Excess Cash, Interest Rates, and Trade Opportunities

1:05:33 - 1:12:34

  • The wealthier cohorts in the economy have excess cash and are earning interest income.
  • Household interest payments as a percentage of disposable income are at very low levels.
  • The corporate sector is also below average in terms of interest payments.
  • There is no shortage of cash, but the challenge is finding ways to invest it effectively.
  • The speaker believes that cutting rates would not be necessary because the economy is not restrictive.
  • Trades the speaker likes include being long volatility on equity markets and short fixed income.
  • In Canada, there is high household debt and bonds are correlated with the US market.
  • The Eurozone needs to stimulate exports by weakening the Euro currency.
  • Shorting the Euro is a trade opportunity for the speaker.
  • Sweden's manufacturing cycle can be a good indicator for the global economy's deflationary impulse.
  • China's policy set, bad demographics, and balance sheet recession make it uninvestable according to the speaker.
  • Chinese bond yields going to zero for an extended period of time is a possible bet for institutional investors.
  • China should allow its currency to weaken to counter deflationary impulses, but they are concerned about social unrest and outflows.

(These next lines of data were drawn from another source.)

(* For $i=1,2$, let $l^i,u^i,\hbar^i$ satisfy the standing assumptions below with the same constants $C_\hbar,\underline{c},\overline{c}$, let $\overline{Y}^i\in C^1_G(0,T)$ with $l^i_T\le\hat{\mathbb{E}}[\hbar^i(T,\overline{Y}^i_T)]\le u^i_T$, and let $(Y^i,R^i)\in C^1_G(0,T)\times C^T_B$ be the solution of the backward Skorokhod problem with sublinear expectation associated to $\overline{Y}^i,\hbar^i$ and barriers $l^i,u^i$. Then for any $t\in[0,T]$, $$\begin{aligned}|(R^1_T-R^1_t)-(R^2_T-R^2_t)|&\le\sup_{s\in[t,T]}|\hat{\mathbb{E}}[\overline{Y}^1_s]-\hat{\mathbb{E}}[\overline{Y}^2_s]|+\frac{2\overline{c}}{\underline{c}}\sup_{s\in[t,T]}\hat{\mathbb{E}}[|\overline{Y}^1_s-\overline{Y}^2_s|]\\&\quad+\frac1{\underline{c}}\Big\{\sup_{s\in[t,T]}\max\big[|\overline{H}^1(s,L^1_s(\overline{Y}^2_s),\overline{Y}^2_s)-\overline{H}^2(s,L^1_s(\overline{Y}^2_s),\overline{Y}^2_s)|,\ |\overline{H}^1(s,U^1_s(\overline{Y}^2_s),\overline{Y}^2_s)-\overline{H}^2(s,U^1_s(\overline{Y}^2_s),\overline{Y}^2_s)|\big]\\&\qquad\qquad+\sup_{s\in[t,T]}\max(|l^1_s-l^2_s|,|u^1_s-u^2_s|)\Big\}.\end{aligned}$$
   Context: Setting: $\hat{\mathbb{E}}$ is the $G$-expectation on $\Omega_T=\{\omega\in C([0,T];\mathbb{R}^d):\omega_0=0\}$; $L^1_G(\Omega_t)$ the completion of bounded Lipschitz cylinder functionals of the canonical process up to $t$ under $\hat{\mathbb{E}}|\cdot|$; $C^1_G(0,T)$ the processes $Y$ with $Y_v\in L^1_G(\Omega_v)$ and $v\mapsto Y_v$ continuous in $\hat{\mathbb{E}}|\cdot|$; $C^T_B$ the deterministic continuous functions on $[0,T]$ of bounded variation starting at $0$. Standing assumptions on $(l,u,\hbar)$: $l,u$ bounded continuous on $[0,T]$ with $\inf_t(u_t-l_t)>0$; $\hbar:[0,T]\times\Omega_T\times\mathbb{R}\to\mathbb{R}$, $(t,y)\mapsto\hbar(t,y)$ uniformly continuous uniformly in $\omega$, strictly increasing in $y$, $\hbar(t,y)\in L^1_G(\Omega_T)$, $\hat{\mathbb{E}}[\lim_{y\downarrow-\infty}\hbar(t,y)]<\inf_sl_s<\sup_su_s<\hat{\mathbb{E}}[\lim_{y\uparrow\infty}\hbar(t,y)]$, $|\hbar(t,y)|\le C_\hbar(1+|y|)$, $\underline{c}|y-y'|\le|\hbar(t,y)-\hbar(t,y')|\le\overline{c}|y-y'|$. For $X\in L^1_G(\Omega_s)$: $\overline{H}^i(s,x,X)=\hat{\mathbb{E}}[\hbar^i(s,x+X-\hat{\mathbb{E}}[X])]$, $L^i_s(X)=(\overline{H}^i)^{-1}(s,\cdot,X)(l^i_s)$, $U^i_s(X)=(\overline{H}^i)^{-1}(s,\cdot,X)(u^i_s)$. $(Y,R)\in C^1_G(0,T)\times C^T_B$ solves the backward Skorokhod problem with sublinear expectation associated to $\overline{Y},\hbar,l,u$ if $Y_t=\overline{Y}_t+R_T-R_t$, $l_t\le\hat{\mathbb{E}}[\hbar(t,Y_t)]\le u_t$ for all $t$, and $\int_s^t(\hat{\mathbb{E}}[\hbar(v,Y_v)]-l_v)dR_v\le0$, $\int_s^t(\hat{\mathbb{E}}[\hbar(v,Y_v)]-u_v)dR_v\le0$ for $0\le s\le t\le T$ (such a solution exists and is unique). *)

theory Defs
  imports "HOL-Analysis.Analysis" "HOL-Library.Extended_Real"
begin

section \<open>Sublinear expectation (abstract rendering of the G-expectation)\<close>

definition sublinear_expectation :: "('w \<Rightarrow> real) set \<Rightarrow> (('w \<Rightarrow> real) \<Rightarrow> real) \<Rightarrow> bool" where
  "sublinear_expectation HH E \<longleftrightarrow>
     (\<forall>c::real. (\<lambda>_. c) \<in> HH) \<and>
     (\<forall>X\<in>HH. \<forall>Y\<in>HH. (\<lambda>w. X w + Y w) \<in> HH) \<and>
     (\<forall>X\<in>HH. \<forall>a::real. (\<lambda>w. a * X w) \<in> HH) \<and>
     (\<forall>X\<in>HH. (\<lambda>w. \<bar>X w\<bar>) \<in> HH) \<and>
     (\<forall>X\<in>HH. \<forall>Y\<in>HH. (\<forall>w. X w \<le> Y w) \<longrightarrow> E X \<le> E Y) \<and>
     (\<forall>c::real. E (\<lambda>_. c) = c) \<and>
     (\<forall>X\<in>HH. \<forall>Y\<in>HH. E (\<lambda>w. X w + Y w) \<le> E X + E Y) \<and>
     (\<forall>X\<in>HH. \<forall>a::real. a \<ge> 0 \<longrightarrow> E (\<lambda>w. a * X w) = a * E X)"

definition C1G :: "('w \<Rightarrow> real) set \<Rightarrow> (('w \<Rightarrow> real) \<Rightarrow> real) \<Rightarrow> real \<Rightarrow> (real \<Rightarrow> 'w \<Rightarrow> real) \<Rightarrow> bool" where
  "C1G HH E T Y \<longleftrightarrow>
     (\<forall>v\<in>{0..T}. Y v \<in> HH) \<and>
     (\<forall>v\<in>{0..T}. \<forall>\<epsilon>>0. \<exists>\<delta>>0. \<forall>v'\<in>{0..T}. \<bar>v' - v\<bar> < \<delta> \<longrightarrow>
         E (\<lambda>w. \<bar>Y v' w - Y v w\<bar>) < \<epsilon>)"

definition is_partition :: "real \<Rightarrow> real \<Rightarrow> nat \<Rightarrow> (nat \<Rightarrow> real) \<Rightarrow> bool" where
  "is_partition a b n p \<longleftrightarrow> p 0 = a \<and> p n = b \<and> (\<forall>i<n. p i < p (Suc i))"

definition bounded_variation_on :: "real \<Rightarrow> real \<Rightarrow> (real \<Rightarrow> real) \<Rightarrow> bool" where
  "bounded_variation_on a b g \<longleftrightarrow>
     (\<exists>M. \<forall>n p. is_partition a b n p \<longrightarrow> (\<Sum>i<n. \<bar>g (p (Suc i)) - g (p i)\<bar>) \<le> M)"

definition CTB :: "real \<Rightarrow> (real \<Rightarrow> real) \<Rightarrow> bool" where
  "CTB T R \<longleftrightarrow> continuous_on {0..T} R \<and> bounded_variation_on 0 T R \<and> R 0 = 0"

definition has_RS_integral :: "(real \<Rightarrow> real) \<Rightarrow> (real \<Rightarrow> real) \<Rightarrow> real \<Rightarrow> real \<Rightarrow> real \<Rightarrow> bool" where
  "has_RS_integral f g a b I \<longleftrightarrow>
     (\<forall>\<epsilon>>0. \<exists>\<delta>>0. \<forall>n p \<xi>. is_partition a b n p \<and>
        (\<forall>i<n. p (Suc i) - p i < \<delta> \<and> p i \<le> \<xi> i \<and> \<xi> i \<le> p (Suc i)) \<longrightarrow>
        \<bar>(\<Sum>i<n. f (\<xi> i) * (g (p (Suc i)) - g (p i))) - I\<bar> < \<epsilon>)"

text \<open>hbar :: time \<Rightarrow> sample point \<Rightarrow> y \<Rightarrow> real.\<close>

definition Hbar :: "(('w \<Rightarrow> real) \<Rightarrow> real) \<Rightarrow> (real \<Rightarrow> 'w \<Rightarrow> real \<Rightarrow> real) \<Rightarrow> real \<Rightarrow> real \<Rightarrow> ('w \<Rightarrow> real) \<Rightarrow> real" where
  "Hbar E h s x X = E (\<lambda>w. h s w (x + X w - E X))"

text \<open>L_s(X) = (Hbar(s,.,X))^{-1}(l_s), U_s(X) = (Hbar(s,.,X))^{-1}(u_s).\<close>
definition Linv :: "(('w \<Rightarrow> real) \<Rightarrow> real) \<Rightarrow> (real \<Rightarrow> 'w \<Rightarrow> real \<Rightarrow> real) \<Rightarrow> (real \<Rightarrow> real) \<Rightarrow> real \<Rightarrow> ('w \<Rightarrow> real) \<Rightarrow> real" where
  "Linv E h l s X = (THE x. Hbar E h s x X = l s)"

definition standing_assms ::
  "('w \<Rightarrow> real) set \<Rightarrow> (('w \<Rightarrow> real) \<Rightarrow> real) \<Rightarrow> real \<Rightarrow> real \<Rightarrow> real \<Rightarrow> real \<Rightarrow>
   (real \<Rightarrow> real) \<Rightarrow> (real \<Rightarrow> real) \<Rightarrow> (real \<Rightarrow> 'w \<Rightarrow> real \<Rightarrow> real) \<Rightarrow> bool" where
  "standing_assms HH E T Ch cl cu l u h \<longleftrightarrow>
     0 < cl \<and>
     continuous_on {0..T} l \<and> bounded (l ` {0..T}) \<and>
     continuous_on {0..T} u \<and> bounded (u ` {0..T}) \<and>
     (\<exists>\<delta>>0. \<forall>t\<in>{0..T}. u t - l t \<ge> \<delta>) \<and>
     (\<forall>\<epsilon>>0. \<exists>\<delta>>0. \<forall>w. \<forall>t\<in>{0..T}. \<forall>t'\<in>{0..T}. \<forall>y y'.
         \<bar>t - t'\<bar> < \<delta> \<and> \<bar>y - y'\<bar> < \<delta> \<longrightarrow> \<bar>h t w y - h t' w y'\<bar> < \<epsilon>) \<and>
     (\<forall>t\<in>{0..T}. \<forall>w. strict_mono (h t w)) \<and>
     (\<forall>t\<in>{0..T}. \<forall>y. (\<lambda>w. h t w y) \<in> HH) \<and>
     (\<forall>t\<in>{0..T}. \<forall>X\<in>HH. (\<lambda>w. h t w (X w)) \<in> HH) \<and>
     (\<forall>t\<in>{0..T}. \<forall>w y. \<bar>h t w y\<bar> \<le> Ch * (1 + \<bar>y\<bar>)) \<and>
     (\<forall>t\<in>{0..T}. \<forall>w y y'. cl * \<bar>y - y'\<bar> \<le> \<bar>h t w y - h t w y'\<bar> \<and>
                           \<bar>h t w y - h t w y'\<bar> \<le> cu * \<bar>y - y'\<bar>)"

definition BSP_solution ::
  "('w \<Rightarrow> real) set \<Rightarrow> (('w \<Rightarrow> real) \<Rightarrow> real) \<Rightarrow> real \<Rightarrow> (real \<Rightarrow> 'w \<Rightarrow> real) \<Rightarrow>
   (real \<Rightarrow> 'w \<Rightarrow> real \<Rightarrow> real) \<Rightarrow> (real \<Rightarrow> real) \<Rightarrow> (real \<Rightarrow> real) \<Rightarrow>
   (real \<Rightarrow> 'w \<Rightarrow> real) \<Rightarrow> (real \<Rightarrow> real) \<Rightarrow> bool" where
  "BSP_solution HH E T Ybar h l u Y R \<longleftrightarrow>
     C1G HH E T Y \<and> CTB T R \<and>
     (\<forall>t\<in>{0..T}. \<forall>w. Y t w = Ybar t w + R T - R t) \<and>
     (\<forall>t\<in>{0..T}. l t \<le> E (\<lambda>w. h t w (Y t w)) \<and> E (\<lambda>w. h t w (Y t w)) \<le> u t) \<and>
     (\<forall>s t. 0 \<le> s \<and> s \<le> t \<and> t \<le> T \<longrightarrow>
        (\<exists>I. has_RS_integral (\<lambda>v. E (\<lambda>w. h v w (Y v w)) - l v) R s t I \<and> I \<le> 0) \<and>
        (\<exists>I. has_RS_integral (\<lambda>v. E (\<lambda>w. h v w (Y v w)) - u v) R s t I \<and> I \<le> 0))"

end

theory Submission
  imports Defs
begin

text \<open>Write \<open>K\<^sup>i v = R\<^sup>i T - R\<^sup>i v\<close>. Since \<open>Y\<^sup>i v = Ybar\<^sup>i v + K\<^sup>i v\<close>, the constraint
  \<open>l\<^sup>i \<le> E h\<^sup>i(v, Y\<^sup>i v) \<le> u\<^sup>i\<close> says that \<open>K\<^sup>i v\<close> lies between the centered barriers
  \<open>L\<^sup>i v (Ybar\<^sup>i v) - E (Ybar\<^sup>i v)\<close> and \<open>U\<^sup>i v (Ybar\<^sup>i v) - E (Ybar\<^sup>i v)\<close>, and the
  Stieltjes conditions say that \<open>R\<^sup>i\<close> cannot increase where the lower constraint is slack and
  cannot decrease where the upper one is. Let \<open>m\<close> bound the distance between the corresponding
  centered barriers of the two problems on \<open>[t,T]\<close>. Wherever \<open>K\<^sup>1 - K\<^sup>2 > m\<close>, problem 1 is
  strictly above its lower barrier and problem 2 strictly below its upper barrier, so \<open>R\<^sup>1\<close>
  cannot increase and \<open>R\<^sup>2\<close> cannot decrease there. Going backwards from \<open>T\<close>, where
  \<open>K\<^sup>1 - K\<^sup>2 = 0\<close>, the difference therefore never exceeds \<open>m\<close>, and by symmetry
  \<open>|K\<^sup>1 t - K\<^sup>2 t| \<le> m\<close>. Finally \<open>m\<close> is estimated by the Lipschitz dependence of the inverse
  \<open>L\<close> of \<open>Hbar\<close> on the random variable (constant \<open>2 cu / cl\<close>) and on the data \<open>h, l\<close>
  (constant \<open>1 / cl\<close>).\<close>

section \<open>Partitions and variation sums\<close>

lemma is_partition_mono:
  assumes "is_partition a b n P" "i \<le> j" "j \<le> n"
  shows "P i \<le> P j"
  using assms(2,3)
proof (induction j)
  case (Suc j)
  show ?case
  proof (cases "i = Suc j")
    case False
    then have "P i \<le> P j" using Suc by simp
    also have "P j < P (Suc j)" using assms(1) Suc.prems unfolding is_partition_def by simp
    finally show ?thesis by simp
  qed simp
qed simp

lemma is_partition_mem:
  assumes "is_partition a b n P" "i \<le> n"
  shows "P i \<in> {a..b}"
  using is_partition_mono[OF assms(1), of 0 i] is_partition_mono[OF assms(1), of i n] assms
  unfolding is_partition_def by auto

lemma is_partition_telescope:
  fixes R :: "real \<Rightarrow> 'a::ab_group_add"
  assumes "is_partition a b n P"
  shows "(\<Sum>i<n. R (P (Suc i)) - R (P i)) = R b - R a"
  using sum_lessThan_telescope[of "\<lambda>i. R (P i)" n] assms unfolding is_partition_def by simp

lemma is_partition_arith_grid:
  fixes a h :: real
  assumes "0 < h"
  shows "is_partition (a + real m * h) (a + real (m + n) * h) n (\<lambda>j. a + real (m + j) * h)"
  using assms unfolding is_partition_def by (simp add: algebra_simps)

definition variation_sum :: "(real \<Rightarrow> real) \<Rightarrow> nat \<Rightarrow> (nat \<Rightarrow> real) \<Rightarrow> real" where
  "variation_sum R n P = (\<Sum>i<n. \<bar>R (P (Suc i)) - R (P i)\<bar>)"

lemma variation_sum_nonneg: "0 \<le> variation_sum R n P"
  unfolding variation_sum_def by (simp add: sum_nonneg)

lemma bounded_variation_on_iff:
  "bounded_variation_on a b R \<longleftrightarrow> (\<exists>V. \<forall>n P. is_partition a b n P \<longrightarrow> variation_sum R n P \<le> V)"
  unfolding bounded_variation_on_def variation_sum_def ..

lemma is_partition_extend_left:
  assumes "is_partition p q n P" "a \<le> p"
  obtains n' P' where "is_partition a q n' P'" "variation_sum R n P \<le> variation_sum R n' P'"
proof (cases "a = p")
  case False
  define P' where "P' k = (if k = 0 then a else P (k - 1))" for k
  have "is_partition a q (Suc n) P'"
    using assms False unfolding is_partition_def P'_def by (auto simp: less_Suc_eq_0_disj)
  moreover have "variation_sum R (Suc n) P' = \<bar>R p - R a\<bar> + variation_sum R n P"
    using assms unfolding is_partition_def variation_sum_def P'_def
    by (simp add: sum.lessThan_Suc_shift del: sum.lessThan_Suc)
  ultimately show ?thesis using that by fastforce
qed (use assms that in blast)

lemma is_partition_extend_right:
  assumes "is_partition p q n P" "q \<le> b"
  obtains n' P' where "is_partition p b n' P'" "variation_sum R n P \<le> variation_sum R n' P'"
proof (cases "q = b")
  case False
  define P' where "P' k = (if k \<le> n then P k else b)" for k
  have "is_partition p b (Suc n) P'"
    using assms False unfolding is_partition_def P'_def by (auto simp: less_Suc_eq)
  moreover have "variation_sum R (Suc n) P' = variation_sum R n P + \<bar>R b - R q\<bar>"
    using assms unfolding is_partition_def variation_sum_def P'_def by simp
  ultimately show ?thesis using that by fastforce
qed (use assms that in blast)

China's Economic Situation and Housing Market

1:12:06 - 1:17:15

  • China is concerned about money leaving the country and not coming back, which could lead to a long-term economic situation similar to Japan.
  • The housing market in China has seen a decrease in completions and distressed developers, but there have been no reported loan impairments by banks.
  • Recognizing losses early allows for growth, but China's control system is preventing this from happening.
  • The interviewee is considering returning to the institutional side of trading and exploring ways to engage responsibly on social media.
  • The podcast episode concludes with gratitude for the guest and reminders about other episodes and resources.